▸ **ASSIGNMENT**:
For the string "from", find every matching line in the records and copy it.

▸ **EXERCISE MATERIAL**:
lemma o_submodule_set_plus:
  assumes A: "o_submodule nv smul A" and B: "o_submodule nv smul B"
  shows "o_submodule nv smul (A + B)"
  unfolding o_submodule_def
proof (intro conjI allI ballI impI)
  show "0 \<in> A + B"
    using set_plus_intro[OF o_submodule_zero[OF A] o_submodule_zero[OF B]] by simp
next
  fix x y assume "x \<in> A + B" "y \<in> A + B"
  then obtain a b a' b' where "x = a + b" "y = a' + b'" "a \<in> A" "b \<in> B" "a' \<in> A" "b' \<in> B"
    by (elim set_plus_elim)
  then have "x + y = (a + a') + (b + b')" "a + a' \<in> A" "b + b' \<in> B"
    using o_submodule_add[OF A] o_submodule_add[OF B] by (simp_all add: algebra_simps)
  then show "x + y \<in> A + B"
    by (simp add: set_plus_intro)
next
  fix c x assume c: "c \<in> int_ring nv" and "x \<in> A + B"
  then obtain a b where "x = a + b" "a \<in> A" "b \<in> B"
    by (elim set_plus_elim)
  then have "smul c x = smul c a + smul c b" "smul c a \<in> A" "smul c b \<in> B"
    using o_submodule_scale[OF A c] o_submodule_scale[OF B c] by (simp_all add: scale_right_distrib)
  then show "smul c x \<in> A + B"
    by (simp add: set_plus_intro)
qed

lemma o_submodule_image_scale:
  assumes L: "o_submodule nv smul L"
  shows "o_submodule nv smul (smul c ` L)"
  unfolding o_submodule_def
proof (intro conjI allI ballI impI)
  show "0 \<in> smul c ` L"
    using o_submodule_zero[OF L] by (metis image_eqI scale_zero_right)
  show "x + y \<in> smul c ` L" if "x \<in> smul c ` L" "y \<in> smul c ` L" for x y
    using that o_submodule_add[OF L] by (auto simp flip: scale_right_distrib)
  show "smul a x \<in> smul c ` L" if a: "a \<in> int_ring nv" and "x \<in> smul c ` L" for a x
  proof -
    from \<open>x \<in> smul c ` L\<close> obtain l where "l \<in> L" "x = smul c l" by blast
    then have "smul a x = smul c (smul a l)" "smul a l \<in> L"
      using o_submodule_scale[OF L a] by (metis scale_left_commute)+
    then show ?thesis by (rule image_eqI)
  qed
qed

lemma o_submodule_vimage_scale:
  assumes L: "o_submodule nv smul L"
  shows "o_submodule nv smul {u. smul c u \<in> L}"
  unfolding o_submodule_def
proof (intro conjI allI ballI impI)
  show "0 \<in> {u. smul c u \<in> L}"
    using o_submodule_zero[OF L] by simp
  show "x + y \<in> {u. smul c u \<in> L}" if "x \<in> {u. smul c u \<in> L}" "y \<in> {u. smul c u \<in> L}" for x y
    using that o_submodule_add[OF L] by (simp add: scale_right_distrib)
  show "smul a x \<in> {u. smul c u \<in> L}" if "a \<in> int_ring nv" "x \<in> {u. smul c u \<in> L}" for a x
    using that o_submodule_scale[OF L] by (metis mem_Collect_eq scale_left_commute)
qed

end

lemma openin_translate_vimage:
  fixes T :: "'v::ab_group_add topology"
  assumes add: "continuous_map (prod_topology T T) T (\<lambda>(x, y). x + y)"
    and S: "openin T S" and y: "- y \<in> topspace T"
  shows "openin T {z \<in> topspace T. z - y \<in> S}"
proof -
  have "continuous_map T (prod_topology T T) (\<lambda>z. (z, - y))"
    using y by (simp add: continuous_map_pairedI)
  from continuous_map_compose[OF this add] have "continuous_map T T (\<lambda>z. z - y)"
    by (simp add: o_def)
  then show ?thesis
    using openin_continuous_map_preimage[OF _ S] by blast
qed

lemma openin_subgroup:
  fixes T :: "'v::ab_group_add topology"
  assumes add: "continuous_map (prod_topology T T) T (\<lambda>(x, y). x + y)"
    and V: "openin T V" "0 \<in> V" "V \<subseteq> S" and S: "S \<subseteq> topspace T"
    and S_add: "\<And>x y. x \<in> S \<Longrightarrow> y \<in> S \<Longrightarrow> x + y \<in> S"
    and S_uminus: "\<And>x. x \<in> S \<Longrightarrow> - x \<in> S"
  shows "openin T S"
proof (subst openin_subopen, intro ballI)
  fix y assume y: "y \<in> S"
  have "openin T {z \<in> topspace T. z - y \<in> V}"
    using openin_translate_vimage[OF add V(1)] S S_uminus[OF y] by blast
  moreover have "{z \<in> topspace T. z - y \<in> V} \<subseteq> S"
    using S_add[of _ y] V(3) y by (metis (mono_tags, lifting) diff_add_cancel mem_Collect_eq subset_iff)
  ultimately show "\<exists>U. openin T U \<and> y \<in> U \<and> U \<subseteq> S"
    using y S V(2) by auto
qed

locale compact_o_lattice = o_vector_space smul nv + pseudo_uniformizer nv \<pi>
  for smul :: "'k::field \<Rightarrow> 'v::ab_group_add \<Rightarrow> 'v" and nv :: "'k \<Rightarrow> real" and \<pi> :: 'k +
  fixes M :: "'v set" and T :: "'v topology"
  assumes o_submodule_M: "o_submodule nv smul M"
    and M_absorbing: "\<forall>v. \<exists>a. a \<in> int_ring nv \<and> a \<noteq> 0 \<and> smul a v \<in> M"
    and topspace_T: "topspace T = M"
    and continuous_add: "continuous_map (prod_topology T T) T (\<lambda>(x, y). x + y)"
    and compact_T: "compact_space T"
begin

definition MK_open_submodule :: "'v set \<Rightarrow> bool" where
  "MK_open_submodule L \<longleftrightarrow> o_submodule nv smul L \<and>
      (\<forall>\<alpha>. \<alpha> \<in> int_ring nv \<and> \<alpha> \<noteq> 0 \<longrightarrow> openin T (smul \<alpha> ` L \<inter> M))"

lemma MK_open_submodule_Int:
  assumes "MK_open_submodule L" "MK_open_submodule L'"
  shows "MK_open_submodule (L \<inter> L')"
proof -
  have "smul \<alpha> ` (L \<inter> L') \<inter> M = (smul \<alpha> ` L \<inter> M) \<inter> (smul \<alpha> ` L' \<inter> M)" if "\<alpha> \<noteq> 0" for \<alpha>
    using image_Int[OF injective_scale[OF that]] by blast
  then show ?thesis
    using assms by (simp add: MK_open_submodule_def o_submodule_Int openin_Int)
qed

lemma MK_open_submodule_UNIV: "MK_open_submodule UNIV"
proof -
  have "smul \<alpha> ` UNIV = UNIV" if "\<alpha> \<noteq> 0" for \<alpha>
    using that by (intro surjI[of _ "smul (inverse \<alpha>)"]) simp
  then show ?thesis
    using openin_topspace[of T] by (simp add: MK_open_submodule_def o_submodule_UNIV topspace_T)
qed

lemma openin_o_submodule:
  assumes "o_submodule nv smul S" "S \<subseteq> M" "openin T V" "0 \<in> V" "V \<subseteq> S"
  shows "openin T S"
  using openin_subgroup[OF continuous_add assms(3-5)] assms(1,2) topspace_T
    o_submodule_add o_submodule_uminus by blast

lemma openin_MK_topology:
  "openin (MK_topology nv smul M T) U \<longleftrightarrow>
     (\<forall>x\<in>U. \<exists>L. MK_open_submodule L \<and> (\<lambda>y. x + y) ` L \<subseteq> U)"
proof -
  let ?open = "\<lambda>U. \<forall>x\<in>U. \<exists>L. MK_open_submodule L \<and> (\<lambda>y. x + y) ` L \<subseteq> U"
  have "istopology ?open"
    unfolding istopology_def
  proof (intro conjI allI impI)
    fix U U' assume U: "?open U" and U': "?open U'"
    show "?open (U \<inter> U')"
    proof
      fix x assume "x \<in> U \<inter> U'"
      then obtain L L' where "MK_open_submodule L" "(\<lambda>y. x + y) ` L \<subseteq> U"
        and "MK_open_submodule L'" "(\<lambda>y. x + y) ` L' \<subseteq> U'"
        using U U' by blast
      then show "\<exists>L. MK_open_submodule L \<and> (\<lambda>y. x + y) ` L \<subseteq> U \<inter> U'"
        by (intro exI[of _ "L \<inter> L'"]) (auto intro: MK_open_submodule_Int)
    qed
  next
    fix \<U> assume "\<forall>U\<in>\<U>. ?open U"
    then show "?open (\<Union>\<U>)"
      by (meson UnionE Union_upper subset_trans)
  qed
  moreover have "MK_topology nv smul M T = topology ?open"
    unfolding MK_topology_def MK_open_submodule_def by (simp only: conj_assoc)
  ultimately show ?thesis
    by simp
qed

lemma topspace_MK_topology: "topspace (MK_topology nv smul M T) = UNIV"
proof -
  have "openin (MK_topology nv smul M T) UNIV"
    using MK_open_submodule_UNIV by (auto simp: openin_MK_topology)
  then show ?thesis
    by (simp add: openin_subset top.extremum_uniqueI)
qed

lemma openin_MK_topology_MK_open_submodule:
  assumes "MK_open_submodule L"
  shows "openin (MK_topology nv smul M T) L"
  unfolding openin_MK_topology
proof
  fix x assume "x \<in> L"
  then have "(\<lambda>y. x + y) ` L \<subseteq> L"
    using assms o_submodule_add unfolding MK_open_submodule_def by blast
  then show "\<exists>L'. MK_open_submodule L' \<and> (\<lambda>y. x + y) ` L' \<subseteq> L"
    using assms by blast
qed

lemma tvs_cauchy_filter_MK_open_submodule:
  assumes "tvs_cauchy_filter (MK_topology nv smul M T) F" "MK_open_submodule L"
  shows "\<exists>A. eventually (\<lambda>x. x \<in> A) F \<and> (\<forall>x\<in>A. \<forall>y\<in>A. x - y \<in> L)"
proof -
  have "openin (MK_topology nv smul M T) L" "0 \<in> L"
    using assms(2) openin_MK_topology_MK_open_submodule o_submodule_zero
    unfolding MK_open_submodule_def by blast+
  then show ?thesis
    using assms(1) unfolding tvs_cauchy_filter_def by blast
qed

definition Mdiv :: "nat \<Rightarrow> 'v set" where
  "Mdiv n = {u. smul (\<pi> ^ n) u \<in> M}"

lemma o_submodule_Mdiv: "o_submodule nv smul (Mdiv n)"
  unfolding Mdiv_def by (rule o_submodule_vimage_scale[OF o_submodule_M])

lemma eventually_scale_inverse_M_subset_Mdiv:
  assumes "\<alpha> \<noteq> 0"
  shows "\<exists>k. \<forall>n\<ge>k. smul (inverse \<alpha>) ` M \<subseteq> Mdiv n"
proof -
  obtain k where k: "\<And>n. n \<ge> k \<Longrightarrow> \<pi> ^ n / \<alpha> \<in> int_ring nv"
    using eventually_pi_power_divide_in_int_ring[OF assms] by blast
  have "smul (\<pi> ^ n) (smul (inverse \<alpha>) v) \<in> M" if "n \<ge> k" "v \<in> M" for n v
    using o_submodule_scale[OF o_submodule_M k that(2)] that(1) by (simp add: divide_inverse)
  then show ?thesis
    unfolding Mdiv_def by blast
qed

▸ **EXERCISE RESULT**:
    from \<open>x \<in> smul c ` L\<close> obtain l where "l \<in> L" "x = smul c l" by blast
  from continuous_map_compose[OF this add] have "continuous_map T T (\<lambda>z. z - y)"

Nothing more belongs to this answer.